Makvana Sonia, Robertson A, Britten S, Calder P
The Catterall Unit, Royal National Orthopaedic Hospital, Brockley Hill, Stanmore, Middlesex, HA7 4LP, United Kingdom.
Department of Trauma and Orthopaedics, Leeds General Infirmary, Leeds LS1 3EX, United Kingdom.
Strategies Trauma Limb Reconstr. 2024 May-Aug;19(2):61-66. doi: 10.5005/jp-journals-10080-1616. Epub 2024 Aug 14.
The consent process involves supported decision-making between the surgeon and the patient. Both potential benefits and material risks of the procedure require explanation, with adequate time for reflection. The complexity of limb reconstruction surgery includes the potential for multiple types of complications. In an attempt to delineate the material risks in lower limb lengthening, a literature review was undertaken to ascertain the published rates of complications.
A review of articles from 2003 to 2023 via PubMed and Google Scholar, including keywords 'lengthening', 'tibia', 'lengthening nail' and 'external fixator' was undertaken. Studies with a minimum of 20 patients, undergoing lengthening of the femur, tibia, or both by an external fixator and/or an intramedullary lengthening nail were included for analysis. Complications were reported according to Paley's problems, obstacles, and complications.

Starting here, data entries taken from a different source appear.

(* Let $J_1\in\mathbb{R}$, $J_2>0$, $T>0$, $\beta=1/T$, $a=e^{J_1\beta}$, $b=e^{J_2\beta}$, and $T_c=\frac{2J_2}{\ln 3}$. Consider the fixed points of $F$ lying in $M_1$ (called paramagnetic phases). If $T\ge T_c$, then $F$ has exactly one fixed point in $M_1$. If $T<T_c$, then $F$ has exactly three fixed points in $M_1$ when $b^3\sqrt{\nu_1}<a^{-1}<b^3\sqrt{\nu_2}$, and exactly two when $a^{-1}=b^3\sqrt{\nu_1}$ or $a^{-1}=b^3\sqrt{\nu_2}$, where $$\nu_i=\frac{1}{y_i}\left(\frac{1+y_i}{b^4+y_i}\right)^2,\quad i=1,2,$$ and $y_1<y_2$ are the two positive roots of $y^2+(3-b^4)y+b^4=0$.
   Context: $F:\mathbb{R}^4_+\to\mathbb{R}^4_+$ (positive coordinates) is $F(u)=(u_1',u_2',u_3',u_4')$ with $u_1'=a(bu_1+b^{-1}u_2)^2$, $u_2'=a^{-1}(bu_3+b^{-1}u_4)^2$, $u_3'=a^{-1}(b^{-1}u_1+bu_2)^2$, $u_4'=a(b^{-1}u_3+bu_4)^2$. $M_1=\{u\in\mathbb{R}^4_+:\ u_1=u_4,\ u_2=u_3\}$. This map is the recurrence for the partition functions of the Ising model on the Cayley tree of order 2 with nearest-neighbour coupling $J_1$ and prolonged next-nearest-neighbour coupling $J_2$ at inverse temperature $\beta$. *)

theory Defs
  imports Complex_Main
begin

definition pos4 :: "(real \<times> real \<times> real \<times> real) set" where
  "pos4 = {(u1,u2,u3,u4). u1 > 0 \<and> u2 > 0 \<and> u3 > 0 \<and> u4 > 0}"

definition Fmap :: "real \<Rightarrow> real \<Rightarrow> real \<times> real \<times> real \<times> real \<Rightarrow> real \<times> real \<times> real \<times> real" where
  "Fmap a b = (\<lambda>(u1,u2,u3,u4).
     (a * (b*u1 + u2/b)^2,
      (1/a) * (b*u3 + u4/b)^2,
      (1/a) * (u1/b + b*u2)^2,
      a * (u3/b + b*u4)^2))"

definition M1 :: "(real \<times> real \<times> real \<times> real) set" where
  "M1 = {(u1,u2,u3,u4). (u1,u2,u3,u4) \<in> pos4 \<and> u1 = u4 \<and> u2 = u3}"

definition para_fixed :: "real \<Rightarrow> real \<Rightarrow> (real \<times> real \<times> real \<times> real) set" where
  "para_fixed a b = {u \<in> M1. Fmap a b u = u}"

definition nu :: "real \<Rightarrow> real \<Rightarrow> real" where
  "nu b y = (1/y) * ((1 + y) / (b^4 + y))^2"

end

theory Submission
  imports Defs
begin

(*
  A point of M1 has the form (x, y, y, x) with x, y > 0, and the four fixed-point
  equations of F collapse to two.  Writing x = w^2 y / b^2 with w > 0, these two
  equations are equivalent to the single scalar equation G b w = a b^3, where
  G b w = w (b^4 + w^2) / (1 + w^2), with y then determined by w.  Hence the
  paramagnetic phases are in bijection with the positive roots of G b w = a b^3.

  The derivative of G has the sign of w^4 + (3 - b^4) w^2 + b^4.  If b^2 <= 3
  (i.e. T >= Tc) this is nonnegative with at most one zero, so G is strictly
  increasing on [0, oo) and the root is unique.  If the quadratic
  t^2 + (3 - b^4) t + b^4 has positive roots y1 < y2, then G increases on
  [0, sqrt y1], decreases on [sqrt y1, sqrt y2] and increases on [sqrt y2, oo);
  counting roots on the three pieces gives 3 roots when G(sqrt y2) < a b^3 <
  G(sqrt y1) and 2 roots when a b^3 equals one of the critical values.  Finally
  b^3 sqrt(nu b y) = b^3 / G b (sqrt y), which turns these conditions into the
  ones of the theorem.
*)

definition G :: "real \<Rightarrow> real \<Rightarrow> real" where
  "G b w = w * (b^4 + w^2) / (1 + w^2)"

text \<open>Numerator of the derivative of G; it decides where G increases or decreases.\<close>
definition G_slope :: "real \<Rightarrow> real \<Rightarrow> real" where
  "G_slope b w = w^4 + (3 - b^4) * w^2 + b^4"

lemma one_plus_square_pos: "0 < 1 + (w::real)^2"
  by (simp add: add_pos_nonneg)

lemma G_continuous: "continuous_on S (G b)"
  unfolding G_def using one_plus_square_pos
  by (intro continuous_intros) (auto simp: less_imp_neq[symmetric])

lemma G_derivative: "DERIV (G b) w :> G_slope b w / (1 + w^2)^2"
proof -
  have num: "DERIV (\<lambda>w. w * (b^4 + w^2)) w :> b^4 + 3 * w^2"
    by (rule derivative_eq_intros refl)+ (simp add: algebra_simps power2_eq_square)
  have den: "DERIV (\<lambda>w. 1 + w^2) w :> 2 * w"
    by (rule derivative_eq_intros refl)+ simp
  have "(b^4 + 3 * w^2) * (1 + w^2) - w * (b^4 + w^2) * (2 * w) = G_slope b w"
    by (simp add: G_slope_def algebra_simps power2_eq_square power4_eq_xxxx)
  with DERIV_divide[OF num den] one_plus_square_pos[of w] show ?thesis
    unfolding G_def by (simp add: power2_eq_square)
qed

lemma G_strict_mono_on:
  assumes "\<And>u v w. u \<in> S \<Longrightarrow> v \<in> S \<Longrightarrow> u < w \<Longrightarrow> w < v \<Longrightarrow> 0 < G_slope b w"
  shows "strict_mono_on S (G b)"
proof (rule strict_mono_onI)
  fix u v assume uv: "u \<in> S" "v \<in> S" "u < v"
  show "G b u < G b v"
  proof (rule DERIV_pos_imp_increasing_open[OF \<open>u < v\<close> _ G_continuous])
    fix w assume "u < w" "w < v"
    with assms uv one_plus_square_pos[of w] G_derivative[of b w]
    show "\<exists>d. DERIV (G b) w :> d \<and> 0 < d" by auto
  qed
qed

lemma G_strict_antimono_on:
  assumes "\<And>u v w. u \<in> S \<Longrightarrow> v \<in> S \<Longrightarrow> u < w \<Longrightarrow> w < v \<Longrightarrow> G_slope b w < 0"
  shows "strict_antimono_on S (G b)"
proof (rule monotone_onI)
  fix u v assume uv: "u \<in> S" "v \<in> S" "u < v"
  show "G b v < G b u"
  proof (rule DERIV_neg_imp_decreasing_open[OF \<open>u < v\<close> _ G_continuous])
    fix w assume "u < w" "w < v"
    with assms uv one_plus_square_pos[of w] G_derivative[of b w]
    show "\<exists>d. DERIV (G b) w :> d \<and> d < 0" by (auto simp: divide_neg_pos)
  qed
qed

lemma G_attains:
  assumes "u \<le> v" and "G b u \<le> K \<and> K \<le> G b v \<or> G b v \<le> K \<and> K \<le> G b u"
  shows "\<exists>r. u \<le> r \<and> r \<le> v \<and> G b r = K"
  using assms IVT'[of "G b" u K v] IVT2'[of "G b" v K u] G_continuous by blast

Twenty-two papers met the inclusion criteria. The commonest complications listed following lengthening using an external fixator were pin site infections (52% in the femur and 18.8% in the tibia), delayed consolidation (8.3%), bone re-fracture (13%), and joint stiffness (18.8%). Following femoral lengthening using the intramedullary lengthening nails reported complication rates were lower, including implant issues (8%) and delayed consolidation (6%).
Patients require a full understanding of both benefits and potential harms when undergoing any surgical intervention. Our study has identified the published rates of complications following lower limb lengthening. These figures can be used to guide the consultation and enable surgeons to audit their own surgical results against the published literature.
Makvana S, Robertson A, Britten S, Consent in Limb Lengthening Surgery: Predicting the True Incidence of Material Risk. Strategies Trauma Limb Reconstr 2024;19(2):61-66.
同意过程涉及外科医生与患者之间的支持性决策。手术的潜在益处和物质风险都需要解释,并给予足够的时间进行思考。肢体重建手术的复杂性包括多种并发症的可能性。为了试图描述下肢延长手术中的物质风险,进行了一项文献综述以确定已发表的并发症发生率。
通过PubMed和谷歌学术搜索2003年至2023年的文章,关键词包括“延长”“胫骨”“延长钉”和“外固定器”。纳入至少20例接受股骨、胫骨或两者同时通过外固定器和/或髓内延长钉进行延长手术的患者的研究进行分析。并发症按照佩利的问题、障碍和并发症进行报告。
22篇论文符合纳入标准。使用外固定器延长后列出的最常见并发症是针道感染(股骨为52%,胫骨为18.8%)、延迟愈合(8.3%)、再骨折(13%)和关节僵硬(18.8%)。使用髓内延长钉进行股骨延长后报告的并发症发生率较低,包括植入物问题(8%)和延迟愈合(6%)。
患者在接受任何手术干预时都需要充分了解益处和潜在危害。我们的研究确定了下肢延长手术后已发表的并发症发生率。这些数据可用于指导会诊,并使外科医生能够根据已发表的文献审核自己的手术结果。
马克瓦纳S、罗伯逊A、布里顿S,《肢体延长手术中的同意:预测物质风险的真实发生率》。《创伤肢体重建策略》2024;19(2):61 - 66。